**AIM OF THE TASK**
Across the listing, count the lines that include the string "theta". Give nothing besides the number.
/---
lemma quartic_splits_radii_bound:
  fixes A V K W \<alpha> \<beta> \<gamma> :: real
  assumes "quartic_splits A V K W \<alpha> \<beta> \<gamma>" and CS: "K^2 \<le> W * V"
  shows "4 * V \<le> (\<beta> + \<gamma>)^2"
proof (rule ccontr)
  have "0 \<le> \<beta>" "0 \<le> \<gamma>"
    and E1: "\<beta>^2 + \<gamma>^2 - 2 * \<alpha>^2 = 2 * A + 4 * V" and E2: "\<alpha> * (\<beta>^2 - \<gamma>^2) = - 2 * K"
    and E3: "(\<alpha>^2 + \<beta>^2) * (\<alpha>^2 + \<gamma>^2) = A^2 + W"
    using assms(1) by (simp_all add: quartic_splits_def)
  define S where "S = (\<beta> + \<gamma>)^2"
  define M where "M = \<alpha>^2 + \<beta> * \<gamma>"
  define D where "D = - (A + M)"
  define P where "P = \<alpha>^2 * (\<beta> - \<gamma>)^2"
  assume "\<not> 4 * V \<le> (\<beta> + \<gamma>)^2"
  moreover have V: "4 * V = S + 2 * D"
    using E1 by (simp add: S_def D_def M_def power2_eq_square algebra_simps)
  ultimately have "0 < D"
    by (simp add: S_def)
  have M: "0 \<le> M" "\<alpha>^2 \<le> M"
    using \<open>0 \<le> \<beta>\<close> \<open>0 \<le> \<gamma>\<close> by (simp_all add: M_def)
  have "(\<beta> - \<gamma>)^2 \<le> (\<beta> + \<gamma>)^2"
    using \<open>0 \<le> \<beta>\<close> \<open>0 \<le> \<gamma>\<close> by (simp add: power2_eq_square algebra_simps)
  then have "P \<le> \<alpha>^2 * S"
    by (simp add: P_def S_def mult_left_mono)
  also have "\<dots> \<le> M * S"
    using M by (simp add: S_def mult_right_mono)
  finally have "(P - 2 * D * M - D^2) * (S + 2 * D) < P * S"
    using \<open>0 < D\<close> M by (intro shifted_product_less) (simp_all add: S_def)
  also have "P * S = 4 * K^2"
    using arg_cong[OF E2, of "\<lambda>x. x^2"] by (simp add: P_def S_def power2_eq_square algebra_simps)
  also have "\<dots> \<le> W * (4 * V)"
    using CS by simp
  also have "W = P - 2 * D * M - D^2"
    using E3 by (simp add: P_def D_def M_def power2_eq_square algebra_simps)
  finally show False
    by (simp add: V)
qed

lemma quartic_two_quadratics_product:
  fixes s :: "'a::{comm_ring_1, real_algebra_1}"
  shows "((s - of_real \<alpha>)^2 + of_real \<beta>^2) * ((s + of_real \<alpha>)^2 + of_real \<gamma>^2)
    = s^4 + of_real (\<beta>^2 + \<gamma>^2 - 2 * \<alpha>^2) * s^2 + 2 * of_real (\<alpha> * (\<beta>^2 - \<gamma>^2)) * s
      + of_real ((\<alpha>^2 + \<beta>^2) * (\<alpha>^2 + \<gamma>^2))"
  by (simp add: power2_eq_square power4_eq_xxxx algebra_simps)

section \<open>Convex hulls\<close>

lemma convex_hull_symmetric_pair:
  fixes p u :: "'a::real_vector"
  assumes "p + b *\<^sub>R u \<in> S" "p - b *\<^sub>R u \<in> S" "\<bar>t\<bar> \<le> b"
  shows "p + t *\<^sub>R u \<in> convex hull S"
proof -
  have "p + t *\<^sub>R u \<in> closed_segment (p - b *\<^sub>R u) (p + b *\<^sub>R u)"
  proof (cases "b = 0")
    case True
    then show ?thesis
      using assms(3) by simp
  next
    case False
    with assms(3) have "0 < b"
      by simp
    define \<theta> where "\<theta> = (b + t) / (2 * b)"
    have "(1 - \<theta>) *\<^sub>R (p - b *\<^sub>R u) + \<theta> *\<^sub>R (p + b *\<^sub>R u)
        = p + (\<theta> * b) *\<^sub>R u - ((1 - \<theta>) * b) *\<^sub>R u"
      by (simp add: algebra_simps)
    also have "\<dots> = p + (\<theta> * b - (1 - \<theta>) * b) *\<^sub>R u"
      by (simp add: scaleR_left_diff_distrib add_diff_eq)
    also have "\<theta> * b - (1 - \<theta>) * b = t"
      using \<open>0 < b\<close> by (simp add: \<theta>_def field_simps)
    moreover have "0 \<le> \<theta>" "\<theta> \<le> 1"
      using \<open>0 < b\<close> assms(3) by (auto simp: \<theta>_def field_simps)
    ultimately show ?thesis
      unfolding in_segment by metis
  qed
  also have "\<dots> \<subseteq> convex hull S"
    using assms(1,2) by (intro closed_segment_subset_convex_hull hull_inc)
  finally show ?thesis .
qed

lemma convex_hull_two_symmetric_pairs:
  fixes x e u :: "'a::real_vector"
  assumes "x + e + \<beta> *\<^sub>R u \<in> S" "x + e - \<beta> *\<^sub>R u \<in> S"
    and "x - e + \<gamma> *\<^sub>R u \<in> S" "x - e - \<gamma> *\<^sub>R u \<in> S"
    and "0 \<le> \<beta>" "0 \<le> \<gamma>" "0 \<le> t" "2 * t \<le> \<beta> + \<gamma>"
  shows "x + t *\<^sub>R u \<in> convex hull S"
proof -
  define t' where "t' = min \<beta> (2 * t)"
  have "x + e + t' *\<^sub>R u \<in> convex hull S" "x - e + (2 * t - t') *\<^sub>R u \<in> convex hull S"
    using assms by (auto simp: t'_def intro!: convex_hull_symmetric_pair)
  then have "midpoint (x + e + t' *\<^sub>R u) (x - e + (2 * t - t') *\<^sub>R u) \<in> convex hull S"
    by (rule midpoints_in_convex_hull)
  moreover have "x + e + t' *\<^sub>R u + (x - e + (2 * t - t') *\<^sub>R u) = 2 *\<^sub>R (x + t *\<^sub>R u)"
    by (simp add: algebra_simps scaleR_2)
  ultimately show ?thesis
    by (simp add: midpoint_def)
qed

section \<open>The critical point\<close>

lemma imag_unit_direction:
  assumes "inner v oone = 0"
  obtains u where "imag_unit u" "v = norm v *\<^sub>R u"
proof (cases "v = 0")
  case True
  show ?thesis
  proof (rule that)
    show "imag_unit (((0, 1), (0, 0)), ((0, 0), (0, 0)))"
      by (simp add: imag_unit_def oone_def inner_prod_def)
  qed (simp add: True zero_prod_def)
next
  case False
  then show ?thesis
    using that[of "sgn v"] assms
    by (simp add: imag_unit_def sgn_div_norm power2_norm_eq_inner [symmetric] norm_sgn)
qed

text \<open>For \<open>z = m + v\<close> and \<open>c = A + m\<^sup>2 + w + 2 m v\<close> with \<open>v, w\<close> imaginary, this is
  \<open>C\<^sub>g(m + s) = (s\<^sup>2 + A)\<^sup>2 + |w - 2 s v|\<^sup>2\<close> evaluated on the complex plane
  spanned by \<open>1\<close> and \<open>u\<close>.\<close>

lemma companion_monic_complex_embed:
  assumes u: "imag_unit u" and v: "inner v oone = 0" and w: "inner w oone = 0"
  shows "opoly_eval (companion [(A + m^2) *\<^sub>R oone + w + (2 * m) *\<^sub>R v,
             (-2) *\<^sub>R (m *\<^sub>R oone + v), oone]) (complex_embed u (of_real m + s))
       = complex_embed u (s^4 + of_real (2 * A + 4 * inner v v) * s^2 - 4 * of_real (inner w v) * s
           + of_real (A^2 + inner w w))"
proof -
  define c where "c = (A + m^2) *\<^sub>R oone + w + (2 * m) *\<^sub>R v"
  define z where "z = m *\<^sub>R oone + v"
  have "inner oone v = 0" "inner oone w = 0" "inner v w = inner w v"
    using v w by (simp_all add: inner_commute)
  note orth = this v w
  have zo: "inner z oone = m" and zz: "inner z z = m^2 + inner v v"
    using orth by (simp_all add: z_def inner_add_left inner_add_right power2_eq_square)
  have co: "inner c oone = A + m^2"
    using orth by (simp add: c_def inner_add_left)
  have cz: "inner c z = (A + m^2) * m + inner w v + 2 * m * inner v v"
    using orth by (simp add: c_def z_def inner_add_left inner_add_right algebra_simps)
  have cc: "inner c c = (A + m^2)^2 + inner w w + 4 * m * inner w v + 4 * m^2 * inner v v"
    using orth by (simp add: c_def inner_add_left inner_add_right power2_eq_square algebra_simps)
  define C where "C = [inner c c, - 4 * inner c z, 4 * inner z z + 2 * inner c oone, - 4 * inner z oone, 1]"
  have "companion [c, (-2) *\<^sub>R z, oone] = map (\<lambda>t. t *\<^sub>R oone) C"
    by (simp add: C_def companion_quadratic)
  then have "opoly_eval (companion [c, (-2) *\<^sub>R z, oone]) (complex_embed u (of_real m + s))
      = complex_embed u (\<Sum>k<length C. of_real (C ! k) * (of_real m + s)^k)"
    by (simp only: opoly_eval_real_coeffs[OF u])
  also have "(\<Sum>k<length C. of_real (C ! k) * (of_real m + s)^k)
      = s^4 + of_real (2 * A + 4 * inner v v) * s^2 - 4 * of_real (inner w v) * s + of_real (A^2 + inner w w)"
    by (simp add: C_def zo zz co cz cc numeral_eq_Suc lessThan_Suc
        power2_eq_square power3_eq_cube power4_eq_xxxx algebra_simps)
  finally show ?thesis
    by (simp only: c_def z_def)
qed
\---
**FINISHED EXERCISE**
8